Tensorflow framework allocates some memory when the model is loaded but will dynamic allocate more (potentially a lot more) as it is processing inference requests. Do you have some evidence to expect memory usage to be constant with tensorflow savedmodel? Have you tried running the model directly using TF apis (for example by writing a python script to load and run)? Triton has a model analyzer project that can help you understand the memory requirements of your project: https://github.com/triton-inference-server/model_analyzer

ghost commented 3 years ago

Would converting the model to TensorRT first stop this?

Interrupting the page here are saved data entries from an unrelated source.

(* Let $k\ge 2$ and $\mathcal{M}=\{M_1,\dots,M_k\}\subseteq\mathbb{S}^n$. Suppose that for all distinct indices $i,j\in\{1,\dots,k\}$ there exists $(\alpha,\beta)\neq(0,0)$ such that $\alpha M_i+\beta M_j$ is positive semidefinite. Then $\mathcal{S}(\mathcal{M})=\{X\in\mathbb{S}^n_+:\langle M_i,X\rangle\ge 0\ \forall i\in\{1,\dots,k\}\}$ is rank-one generated.
   Context: $\mathbb{S}^n$ is the space of real symmetric $n\times n$ matrices with $\langle A,B\rangle=\mathrm{tr}(AB)$, and $\mathbb{S}^n_+$ the PSD cone. A closed convex cone $\mathcal{S}\subseteq\mathbb{S}^n_+$ is rank-one generated (ROG) if $\mathcal{S}=\mathrm{conv}(\mathcal{S}\cap\{xx^\top:x\in\mathbb{R}^n\})$. *)

theory Defs
  imports "HOL-Analysis.Analysis"
begin

text \<open>Real symmetric n x n matrices, with n encoded by the finite index type 'n.\<close>
definition sym_mat :: "real^'n^'n \<Rightarrow> bool" where
  "sym_mat A \<longleftrightarrow> transpose A = A"

definition psd :: "real^'n^'n \<Rightarrow> bool" where
  "psd A \<longleftrightarrow> sym_mat A \<and> (\<forall>x. 0 \<le> x \<bullet> (A *v x))"

definition psd_cone :: "(real^'n^'n) set" where
  "psd_cone = {A. psd A}"

definition mat_inner :: "real^'n^'n \<Rightarrow> real^'n^'n \<Rightarrow> real" where
  "mat_inner A B = trace (A ** B)"

definition outer :: "real^'n \<Rightarrow> real^'n^'n" where
  "outer x = (\<chi> i j. x $ i * x $ j)"

definition rog :: "(real^'n^'n) set \<Rightarrow> bool" where
  "rog S \<longleftrightarrow> closed S \<and> convex S \<and> cone S \<and> S \<subseteq> psd_cone \<and>
     S = convex hull (S \<inter> range outer)"

definition S_of :: "nat \<Rightarrow> (nat \<Rightarrow> real^'n^'n) \<Rightarrow> (real^'n^'n) set" where
  "S_of k M = {X \<in> psd_cone. \<forall>i\<in>{1..k}. 0 \<le> mat_inner (M i) X}"

end

(*
  The slice B = S(M) \<inter> {X. trace X = 1} is compact and convex, so by Krein-Milman
  it suffices to show that its extreme points have rank one. Let X be extreme and call i active
  if <M_i, X> = 0. Suppose X = \<Sum> y y^T where every summand satisfies <M_i, y y^T> = 0 for every
  active i. For a nonzero summand y the direction D = y y^T - |y|^2 X keeps trace 1 and the active
  constraints tight, and X \<plusminus> c D stays positive semidefinite for |c| \<le> 1; the inactive
  constraints have slack, so X \<plusminus> c D \<in> B for small c > 0. Extremality gives D = 0, i.e.
  X = y y^T / |y|^2.
  Such a decomposition exists. If every active M_i is semidefinite, any decomposition works: the
  terms <M_i, y y^T> then have a common sign and sum to 0. Otherwise some active M_i is indefinite.
  Rotating pairs of summands with terms of opposite signs makes all terms <M_i, y y^T> vanish; then
  for each other active M_j, the hypothesis that \<alpha> M_i + \<beta> M_j is positive semidefinite (where
  \<beta> \<noteq> 0, as M_i is indefinite) forces the terms <M_j, y y^T> to have the sign of \<beta>.
*)
theory Submission
  imports Defs "HOL-Library.Quadratic_Discriminant"
begin

lemma mat_inner_outer: "mat_inner M (outer x) = x \<bullet> (M *v x)"
  unfolding mat_inner_def trace_def outer_def matrix_matrix_mult_def matrix_vector_mult_def inner_vec_def
  by (simp add: sum_distrib_left mult_ac)

lemma mat_inner_add_right: "mat_inner M (A + B) = mat_inner M A + mat_inner M B"
  unfolding mat_inner_def by (simp add: matrix_add_ldistrib trace_add)

lemma mat_inner_scaleR_right: "mat_inner M (c *\<^sub>R A) = c * mat_inner M A"
  unfolding mat_inner_def trace_def matrix_matrix_mult_def
  by (simp add: sum_distrib_left mult_ac)

lemma mat_inner_add_left: "mat_inner (A + B) M = mat_inner A M + mat_inner B M"
  unfolding mat_inner_def trace_def matrix_matrix_mult_def
  by (simp add: sum.distrib distrib_right)

lemma mat_inner_scaleR_left: "mat_inner (c *\<^sub>R A) M = c * mat_inner A M"
  unfolding mat_inner_def trace_def matrix_matrix_mult_def
  by (simp add: sum_distrib_left mult_ac)

lemma linear_mat_inner: "linear (mat_inner M)"
  by (rule linearI) (simp_all add: mat_inner_add_right mat_inner_scaleR_right)

lemma mat_inner_diff_right: "mat_inner M (A - B) = mat_inner M A - mat_inner M B"
  using linear_diff[OF linear_mat_inner] .

lemma mat_inner_sum_list_outer:
  "mat_inner M (sum_list (map outer xs)) = (\<Sum>x\<leftarrow>xs. mat_inner M (outer x))"
  by (induction xs) (simp_all add: linear_0[OF linear_mat_inner] mat_inner_add_right)

lemma trace_scaleR: "trace (c *\<^sub>R A) = c * trace A"
  unfolding trace_def by (simp add: sum_distrib_left)

lemma linear_trace: "linear (trace :: real^'n^'n \<Rightarrow> real)"
  by (rule linearI) (simp_all add: trace_add trace_scaleR)

lemma trace_outer: "trace (outer x) = x \<bullet> x"
  unfolding trace_def outer_def inner_vec_def by simp

lemma outer_0 [simp]: "outer 0 = 0"
  unfolding outer_def by (simp add: vec_eq_iff)

lemma outer_scaleR: "outer (c *\<^sub>R x) = c\<^sup>2 *\<^sub>R outer x"
  unfolding outer_def by (simp add: vec_eq_iff power2_eq_square mult_ac)

lemma outer_add_scaleR:
  "outer (a + t *\<^sub>R b) = outer a + t *\<^sub>R (outer (a + b) - outer a - outer b) + t\<^sup>2 *\<^sub>R outer b"
  unfolding outer_def by (simp add: vec_eq_iff algebra_simps power2_eq_square)

lemma outer_rotation:
  "outer (a + t *\<^sub>R b) + outer (b - t *\<^sub>R a) = (1 + t\<^sup>2) *\<^sub>R (outer a + outer b)"
  unfolding outer_def by (simp add: vec_eq_iff algebra_simps power2_eq_square)

lemma sym_mat_outer: "sym_mat (outer x)"
  unfolding sym_mat_def outer_def transpose_def by (simp add: vec_eq_iff mult.commute)

lemma sym_mat_add: "sym_mat A \<Longrightarrow> sym_mat B \<Longrightarrow> sym_mat (A + B)"
  unfolding sym_mat_def transpose_def by (simp add: vec_eq_iff)

lemma sym_mat_diff: "sym_mat A \<Longrightarrow> sym_mat B \<Longrightarrow> sym_mat (A - B)"
  unfolding sym_mat_def transpose_def by (simp add: vec_eq_iff)

lemma sym_mat_scaleR: "sym_mat A \<Longrightarrow> sym_mat (c *\<^sub>R A)"
  unfolding sym_mat_def by (simp add: transpose_scalar)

With Triton 1.x we didn't see this behaviour with the same models

deadeyegoodwin commented 3 years ago

TensorFlow's behavior wrt memory allocation hasn't changed in a long time, so I don't know why you are seeing something different now. TensorRT models allocate their entire GPU memory requirement when they are loaded, so you would not have this problem of memory growing during inferencing... at least from the model. Memory usage could still grow if you were overloading the server and so many requests were queuing up, but this should be CPU memory and there are model configuration settings to limit the queue size (https://github.com/triton-inference-server/server/blob/master/docs/model_configuration.md#scheduling-and-batching).

With TensorRT you pick the maximum allowed batch size when you create the model and so memory required to support that will be allocated when the model is loaded.

ghost commented 3 years ago

So you don't know how your software behaves, and you don't know how long it has behaved this way i.e. how long is "long time" in software? Don't you mean: since version x.x?

We don't have a CPU problem the server has 28 cores. They never max out.

When we compile Efficientnet from the savedmodel to TensorRT we get a lots of "Algorithm not found" errors.

konstantinos-imagr commented 3 years ago

Hmm, have you tried to load everything on a dgx?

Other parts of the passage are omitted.